In the following sections we will gradually build a script to perform a real-life experiment testing the similarities between different texts in a corpus. We will start with a simple scenario involving just two texts: we will examine the variability of the distance between them given different input features.

What is a distance between two given texts, really?

The idea is simple. From a pool of available features (here: most frequent words), we randomly select, say, 100 of them, and compare the two input texts using the function stylo(). Then we repeat the procedure and record the resulting distance. Then we observe the statistical properties of the obtained distances.

To randomly select n elements from the pool of features, we can use the generic function sample(). E.g. if we want to draw 10 elements from the range 1:100, we type:

sample(1:100, 10)
##  [1]  71   5  27  94  44  92  85  74   9 100

Now, the goal is to put all the pieces together. We aim to perform 100 iterations, and in each iteration we aim to estimate the distance between two texts from the lee dataset. As an example, we’ll use the 1st and the 2nd text, e.g. In Cold Blood by Truman Capote, and Breakfast at Tiffany’s by the same author. We run the loop 100 times, and in each turn we run the function stylo() with frequencies of randomly selected 100 features. Once a loop is complete, we collect the results.

The dataset lee is provided by the package stylo. It is a matrix with word frequencies of 3,000 MFWs for 28 American novels. Type help(lee) to see what’s inside.

library(stylo)
data(lee)
final.results = c()

for(iteration in 1:100) {

    # randomly pick 100 numbers from the range 1:3000
    pick.features = sample(1:3000, 100, replace = FALSE)
    # select the features matching the 100 random numbers
    dataset = lee[ , pick.features]
    # perform the unsupervised classification, using Classic Delta
    results = stylo(frequencies = dataset, gui = FALSE, display.on.screen = FALSE)
    # pick the distance stored in the 1st row and 2nd column,
    # e.g. the one between two different texts by Capote
    final.distance = results$distance.table[1,2]
    # add the new results to the already existing vector
    final.results = c(final.results, final.distance)

}

The collected 100 distances are stored in the variable final.results. Basic statistics include the mean of all the distances and the standard deviation:

mean(final.results)
## [1] 0.8665739
sd(final.results)
## [1] 0.09405702

The arithmetic mean is often considered a good proxy for the actual distance between two texts. However, the realization of how big is a dispersion between the shortest and the longest distance between the same pair of texts might be really disappointing:

min(final.results)
## [1] 0.6417331
max(final.results)
## [1] 1.123667

Quite a spread, huh? A better insight into the results will be provided by estimating the distribution of the computed 100 distances. A simple density plot will support the interpretation:

distances = density(final.results)
plot(distances, main = "Two novels by Capote")
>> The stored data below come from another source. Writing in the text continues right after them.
lemma root_radius_mult_top_factor:
  assumes "M \<le> x0" "x0 \<le> M + 1" "poly p x0 = 1"
  shows "root_radius (p - 1) \<le> root_radius ([:-M, 1:] * p - 1)"
    and "root_radius ([:-M, 1:] * p - 1) = root_radius (p - 1) \<longleftrightarrow> x0 = M + 1"
proof -
  interpret q: radial_lower_bound "[:-M, 1:] * p" M
    using M_nonneg by (intro mult_linear_factor) auto
  have "1 \<le> poly ([:-M, 1:] * p) (M + 1)"
    unfolding poly_linear_factor_mult using mono_beyond[of x0 "M + 1"] assms by simp
  then obtain y where y: "M < y" "y \<le> M + 1" "poly ([:-M, 1:] * p) y = 1"
    using q.crossing_exists[of "M + 1"] by auto
  have "x0 \<le> y"
  proof (rule ccontr)
    assume "\<not> x0 \<le> y"
    have "(y - M) * poly p y \<le> poly p y"
      using y nonneg_beyond[of y] by (intro mult_left_le_one_le) auto
    also have "\<dots> < 1"
      using y strict_mono_beyond[of y x0] \<open>\<not> x0 \<le> y\<close> assms by simp
    finally show False
      using y(3)
      unfolding poly_linear_factor_mult by simp
  qed
  moreover have "y = x0 \<longleftrightarrow> x0 = M + 1"
    using y assms q.inj_beyond[of y x0] by (auto simp: poly_linear_factor_mult)
  moreover have "root_radius ([:-M, 1:] * p - 1) = y"
    using q.root_radius_minus_one[of y] y by simp
  ultimately show "root_radius (p - 1) \<le> root_radius ([:-M, 1:] * p - 1)"
    and "root_radius ([:-M, 1:] * p - 1) = root_radius (p - 1) \<longleftrightarrow> x0 = M + 1"
    using root_radius_minus_one assms by auto
qed

end

lemma norm_prod_linear_factors_ge:
  fixes z :: "'a::real_normed_field"
  assumes "\<And>i. i \<in> A \<Longrightarrow> 0 \<le> a i \<and> a i \<le> norm z"
  shows "(\<Prod>i\<in>A. (norm z - a i) ^ k i) \<le> norm (\<Prod>i\<in>A. (z - of_real (a i)) ^ k i)"
proof -
  have "norm z - a i \<le> norm (z - of_real (a i))" if "i \<in> A" for i
    using norm_triangle_ineq2[of z "of_real (a i)"] assms[OF that] by simp
  then have "(\<Prod>i\<in>A. (norm z - a i) ^ k i) \<le> (\<Prod>i\<in>A. norm (z - of_real (a i)) ^ k i)"
    using assms by (intro prod_mono conjI power_mono) auto
  also have "\<dots> = norm (\<Prod>i\<in>A. (z - of_real (a i)) ^ k i)"
    by (simp add: prod_norm[symmetric] norm_power)
  finally show ?thesis .
qed

lemma prod_linear_factors_strict_mono:
  fixes a :: "'i \<Rightarrow> real"
  assumes "finite A" "\<And>i. i \<in> A \<Longrightarrow> a i \<le> M" "j \<in> A" "a j = M" "0 < k j" "M \<le> x" "x < y"
  shows "(\<Prod>i\<in>A. (x - a i) ^ k i) < (\<Prod>i\<in>A. (y - a i) ^ k i)"
  using assms by (intro prod_mono_strict[of j] power_strict_mono power_mono conjI zero_le_power zero_less_power)
    (force dest: assms(2))+

lemma radial_lower_bound_prod_linear_factors:
  fixes a :: "'i \<Rightarrow> real"
  assumes "finite A" "\<And>i. i \<in> A \<Longrightarrow> 0 \<le> a i \<and> a i \<le> M" "j \<in> A" "a j = M" "0 < k j"
  shows "radial_lower_bound (\<Prod>i\<in>A. [:-a i, 1:] ^ k i) M"
proof
  show "0 \<le> M"
    using assms(2)[of j] assms by simp
  show "poly (\<Prod>i\<in>A. [:-a i, 1:] ^ k i) M = 0"
    using assms by (auto simp: poly_prod prod_zero_iff)
  show "poly (\<Prod>i\<in>A. [:-a i, 1:] ^ k i) x < poly (\<Prod>i\<in>A. [:-a i, 1:] ^ k i) y"
    if "M \<le> x" "x < y" for x y
    using prod_linear_factors_strict_mono[of A a M j k x y] assms that by (simp add: poly_prod)
  show "poly (\<Prod>i\<in>A. [:-a i, 1:] ^ k i) (norm z)
      \<le> norm (poly (map_poly complex_of_real (\<Prod>i\<in>A. [:-a i, 1:] ^ k i)) z)"
    if "M \<le> norm z" for z
    using norm_prod_linear_factors_ge[of A a z k] assms that
    by (fastforce simp: poly_prod map_poly_of_real_prod map_poly_of_real_power map_poly_pCons)
qed

lemma increasing_roots_bounds:
  fixes n :: "nat \<Rightarrow> real"
  assumes n0: "0 \<le> n 0"
    and n_incr: "\<And>i. Suc i < s - 1 \<Longrightarrow> n i < n (Suc i)"
    and n_gap: "s \<ge> 2 \<Longrightarrow> n (s - 2) \<le> n (s - 1) - 1"
    and "i < s - 1"
  shows "0 \<le> n i \<and> n i \<le> n (s - 1) - 1"
proof -
  have step: "n k \<le> n (Suc k)" if "k \<in> {..<s - 2}" for k
    using n_incr[of k] that by fastforce
  have "n 0 \<le> n i" "n i \<le> n (s - 2)"
    using \<open>i < s - 1\<close> by (auto intro!: lift_Suc_mono_le_ivl[of "{..<s - 2}" n, OF step])
  moreover have "n (s - 2) \<le> n (s - 1) - 1"
    using n_gap \<open>i < s - 1\<close> by simp
  ultimately show ?thesis
    using n0 by simp
qed

lemma poly_fpoly_top_root_plus_one:
  fixes n :: "nat \<Rightarrow> real"
  assumes "s \<ge> 1" "\<And>i. i < s \<Longrightarrow> 0 < r i" "\<And>i. i < s - 1 \<Longrightarrow> n i \<le> n (s - 1) - 1"
  shows "1 \<le> poly (fpoly s r n) (n (s - 1) + 1)"
    and "poly (fpoly s r n) (n (s - 1) + 1) = 1 \<longleftrightarrow> s = 1"
proof -
  define N where "N = n (s - 1)"
  have factor_ge: "1 \<le> (N + 1 - n i) ^ r i" if "i < s" for i
  proof (cases "i < s - 1")
    case False
    then have "i = s - 1"
      using that by simp
    then show ?thesis
      by (simp add: N_def)
  qed (use assms(3)[of i] N_def in auto)
  have poly_eq: "poly (fpoly s r n) (N + 1) = (\<Prod>i<s. (N + 1 - n i) ^ r i)"
    by (simp add: fpoly_def poly_prod)
  show "1 \<le> poly (fpoly s r n) (n (s - 1) + 1)"
    using factor_ge unfolding poly_eq[unfolded N_def] N_def by (intro prod_ge_1) auto
  have "1 < poly (fpoly s r n) (N + 1)" if "s \<noteq> 1"
  proof -
    have "1 < (N + 1 - n 0) ^ r 0"
      using assms(1,2) assms(3)[of 0] that unfolding N_def by (intro one_less_power) auto
    then have "(\<Prod>i<s. 1) < (\<Prod>i<s. (N + 1 - n i) ^ r i)"
      using factor_ge assms(1)
      by (intro prod_mono_strict[of 0]) (auto intro: less_le_trans[OF zero_less_one])
    then show ?thesis
      unfolding poly_eq by simp
  qed
  moreover have "poly (fpoly s r n) (N + 1) = 1" if "s = 1"
    unfolding poly_eq using that by (simp add: N_def)
  ultimately show "poly (fpoly s r n) (n (s - 1) + 1) = 1 \<longleftrightarrow> s = 1"
    unfolding N_def by force
qed

theorem lemma6p1:
  fixes s :: nat and r :: "nat \<Rightarrow> nat" and n :: "nat \<Rightarrow> real"
  assumes s_pos: "s \<ge> 1"
    and r_pos: "\<And>i. i < s \<Longrightarrow> r i > 0"
    and n0: "0 \<le> n 0"
    and n_incr: "\<And>i. Suc i < s - 1 \<Longrightarrow> n i < n (Suc i)"
    and n_gap: "s \<ge> 2 \<Longrightarrow> n (s - 2) \<le> n (s - 1) - 1"
  shows "(\<exists>x0. n (s - 1) < x0 \<and> x0 \<le> n (s - 1) + 1
             \<and> poly (fpoly s r n - 1) x0 = 0
             \<and> (\<forall>y. n (s - 1) < y \<and> y \<le> n (s - 1) + 1 \<and> poly (fpoly s r n - 1) y = 0 \<longrightarrow> y = x0)
             \<and> root_radius (fpoly s r n - 1) = x0)
       \<and> (\<forall>m::real. 0 \<le> m \<and> m \<le> n (s - 1) - 1 \<longrightarrow>
           root_radius ([:- m, 1:] * fpoly s r n - 1) < root_radius (fpoly s r n - 1))
       \<and> root_radius ([:- n (s - 1), 1:] * fpoly s r n - 1) \<ge> root_radius (fpoly s r n - 1)
       \<and> (root_radius ([:- n (s - 1), 1:] * fpoly s r n - 1) = root_radius (fpoly s r n - 1) \<longleftrightarrow> s = 1)"
proof -
  define N where "N = n (s - 1)"
  have lower: "0 \<le> n i \<and> n i \<le> N - 1" if "i < s - 1" for i
    using increasing_roots_bounds[OF n0 n_incr n_gap that] unfolding N_def .
  have roots: "0 \<le> n i \<and> n i \<le> N" if "i < s" for i
    using that lower[of i] lower[of 0] n0 unfolding N_def by (cases "i = s - 1") force+
  interpret f: radial_lower_bound "fpoly s r n" N
    unfolding fpoly_def N_def
    by (rule radial_lower_bound_prod_linear_factors[where j = "s - 1"])
      (use roots r_pos s_pos in \<open>auto simp: N_def\<close>)
  have top: "1 \<le> poly (fpoly s r n) (N + 1)" "poly (fpoly s r n) (N + 1) = 1 \<longleftrightarrow> s = 1"
    using poly_fpoly_top_root_plus_one[of s r n] s_pos r_pos lower unfolding N_def by auto
  obtain x0 where x0: "N < x0" "x0 \<le> N + 1" "poly (fpoly s r n) x0 = 1"
    using f.crossing_exists[of "N + 1"] top by auto
  have "x0 = N + 1 \<longleftrightarrow> s = 1"
    using top x0 f.inj_beyond[of x0 "N + 1"] by auto
  then show ?thesis
    using x0 f.root_radius_minus_one[of x0] f.inj_beyond[of _ x0]
      f.root_radius_mult_linear_factor_less[of x0] f.root_radius_mult_top_factor[of x0]
    unfolding N_def[symmetric] by auto
qed

end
Take the results obtained so far, as a caveat. The distance between a given pair of texts might vary quite a lot, depending on the choice of input features. Also, it will depend on the number of features tested at a time. Try to edit the above code, so that in each iteration 1,000 random features are drawn instead of 100 features. (Edit the line that invokes the function sample()). How will the observed distribution change?

The distribution of distances in a corpus

Now, what if we generalize the above code to cover all the texts in the corpus? The idea is to examine all pairwise distances between available texts, in order to see how wide the final distribution might be. The code discussed in the previous section needs but a minor tweak to achieve the goal:

library(stylo)
data(lee)
final.results = c()

for(iteration in 1:100) {

    pick.features = sample(1:3000, 100)
    dataset = lee[ , pick.features]
    results = stylo(frequencies = dataset, gui = FALSE, display.on.screen = FALSE)
    final.distance = as.vector(results$distance.table)
    final.results = c(final.results, final.distance)

}

# since the values contain self-similarity tests as well, 
# here's a dirty trick to get rid of 0 values from the results:
final.results = final.results[final.results > 0]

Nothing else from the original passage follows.